* WHAT THIS TASK INVOLVES
Lines in the listing below that include the word "auto" need to be copied.
--
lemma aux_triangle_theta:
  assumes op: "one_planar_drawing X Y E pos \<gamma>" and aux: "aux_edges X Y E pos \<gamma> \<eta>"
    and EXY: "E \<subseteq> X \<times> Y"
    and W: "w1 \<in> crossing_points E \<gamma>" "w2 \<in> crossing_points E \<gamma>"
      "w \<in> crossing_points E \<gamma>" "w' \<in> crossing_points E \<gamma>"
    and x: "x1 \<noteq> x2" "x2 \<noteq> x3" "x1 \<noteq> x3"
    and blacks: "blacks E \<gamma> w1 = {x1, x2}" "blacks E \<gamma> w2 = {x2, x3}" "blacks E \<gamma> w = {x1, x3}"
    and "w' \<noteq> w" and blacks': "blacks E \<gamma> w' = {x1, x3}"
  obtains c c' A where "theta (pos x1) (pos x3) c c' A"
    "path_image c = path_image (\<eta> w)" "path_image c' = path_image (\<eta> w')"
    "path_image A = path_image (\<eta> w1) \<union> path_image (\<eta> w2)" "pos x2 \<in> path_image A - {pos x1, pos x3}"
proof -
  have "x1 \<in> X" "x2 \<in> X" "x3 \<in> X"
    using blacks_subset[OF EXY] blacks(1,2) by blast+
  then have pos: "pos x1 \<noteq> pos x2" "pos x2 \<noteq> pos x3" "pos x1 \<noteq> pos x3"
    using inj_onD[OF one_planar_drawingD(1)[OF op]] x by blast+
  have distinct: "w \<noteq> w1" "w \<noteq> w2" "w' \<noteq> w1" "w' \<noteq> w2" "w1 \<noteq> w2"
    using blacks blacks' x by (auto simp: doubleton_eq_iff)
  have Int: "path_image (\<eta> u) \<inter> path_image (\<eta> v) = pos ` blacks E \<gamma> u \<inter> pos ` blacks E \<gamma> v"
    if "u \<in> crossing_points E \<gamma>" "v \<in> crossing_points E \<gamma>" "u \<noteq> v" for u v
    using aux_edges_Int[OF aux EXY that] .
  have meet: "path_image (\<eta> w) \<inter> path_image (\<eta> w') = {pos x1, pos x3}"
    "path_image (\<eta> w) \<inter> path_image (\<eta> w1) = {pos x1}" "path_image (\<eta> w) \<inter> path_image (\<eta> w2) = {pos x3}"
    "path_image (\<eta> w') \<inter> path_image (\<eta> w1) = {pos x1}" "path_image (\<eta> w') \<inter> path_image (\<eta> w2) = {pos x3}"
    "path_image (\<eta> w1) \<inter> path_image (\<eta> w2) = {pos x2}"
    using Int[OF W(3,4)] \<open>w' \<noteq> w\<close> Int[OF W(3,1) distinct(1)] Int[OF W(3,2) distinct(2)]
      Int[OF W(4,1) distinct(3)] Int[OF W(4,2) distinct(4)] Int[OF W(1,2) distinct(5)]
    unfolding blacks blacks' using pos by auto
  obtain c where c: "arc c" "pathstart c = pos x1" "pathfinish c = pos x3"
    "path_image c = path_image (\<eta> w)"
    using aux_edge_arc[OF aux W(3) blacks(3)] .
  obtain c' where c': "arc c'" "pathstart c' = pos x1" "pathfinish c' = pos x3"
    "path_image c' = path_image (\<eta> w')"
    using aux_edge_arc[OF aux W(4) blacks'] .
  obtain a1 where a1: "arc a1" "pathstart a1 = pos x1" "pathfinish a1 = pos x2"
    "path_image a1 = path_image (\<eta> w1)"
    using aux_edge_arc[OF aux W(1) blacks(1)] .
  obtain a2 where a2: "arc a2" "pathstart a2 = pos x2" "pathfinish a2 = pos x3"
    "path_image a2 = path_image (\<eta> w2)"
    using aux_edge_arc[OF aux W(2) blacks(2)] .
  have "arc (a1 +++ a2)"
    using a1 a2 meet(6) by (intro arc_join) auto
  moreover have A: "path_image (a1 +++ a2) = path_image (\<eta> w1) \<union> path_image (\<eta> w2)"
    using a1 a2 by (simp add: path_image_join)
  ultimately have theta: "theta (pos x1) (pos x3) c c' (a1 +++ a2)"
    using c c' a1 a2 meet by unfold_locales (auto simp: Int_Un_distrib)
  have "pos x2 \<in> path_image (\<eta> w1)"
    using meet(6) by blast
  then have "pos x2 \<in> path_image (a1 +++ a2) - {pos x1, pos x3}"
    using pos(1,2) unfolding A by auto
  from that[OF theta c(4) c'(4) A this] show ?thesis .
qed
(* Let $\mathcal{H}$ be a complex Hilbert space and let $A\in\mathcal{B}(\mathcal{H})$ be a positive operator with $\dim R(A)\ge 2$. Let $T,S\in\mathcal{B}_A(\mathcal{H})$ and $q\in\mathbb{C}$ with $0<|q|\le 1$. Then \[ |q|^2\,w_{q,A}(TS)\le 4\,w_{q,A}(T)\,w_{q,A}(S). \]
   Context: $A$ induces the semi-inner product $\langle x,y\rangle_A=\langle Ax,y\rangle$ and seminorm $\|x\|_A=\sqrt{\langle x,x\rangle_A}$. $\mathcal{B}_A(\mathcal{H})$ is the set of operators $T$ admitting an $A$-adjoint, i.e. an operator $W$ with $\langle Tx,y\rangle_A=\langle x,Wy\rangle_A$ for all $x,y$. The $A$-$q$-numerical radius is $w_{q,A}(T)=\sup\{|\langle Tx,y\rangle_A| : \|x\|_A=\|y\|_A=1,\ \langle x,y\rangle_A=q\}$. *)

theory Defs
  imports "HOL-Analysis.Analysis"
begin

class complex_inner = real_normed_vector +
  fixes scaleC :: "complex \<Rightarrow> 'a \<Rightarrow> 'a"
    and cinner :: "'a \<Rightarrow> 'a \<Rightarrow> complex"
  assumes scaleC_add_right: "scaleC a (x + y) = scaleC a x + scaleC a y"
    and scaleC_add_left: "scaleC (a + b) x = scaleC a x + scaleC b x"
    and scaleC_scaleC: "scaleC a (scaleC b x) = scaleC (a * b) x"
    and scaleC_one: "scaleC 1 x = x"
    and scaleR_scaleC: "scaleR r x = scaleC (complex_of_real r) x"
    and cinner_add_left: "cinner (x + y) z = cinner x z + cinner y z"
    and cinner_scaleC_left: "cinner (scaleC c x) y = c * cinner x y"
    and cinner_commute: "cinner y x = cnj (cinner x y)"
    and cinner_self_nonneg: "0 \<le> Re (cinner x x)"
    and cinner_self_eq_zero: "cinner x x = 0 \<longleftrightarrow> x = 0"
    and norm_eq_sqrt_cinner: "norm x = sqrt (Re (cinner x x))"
--
* ANSWER
    using blacks blacks' x by (auto simp: doubleton_eq_iff)
    unfolding blacks blacks' using pos by auto
    using a1 a2 meet(6) by (intro arc_join) auto
    using c c' a1 a2 meet by unfold_locales (auto simp: Int_Un_distrib)
    using pos(1,2) unfolding A by auto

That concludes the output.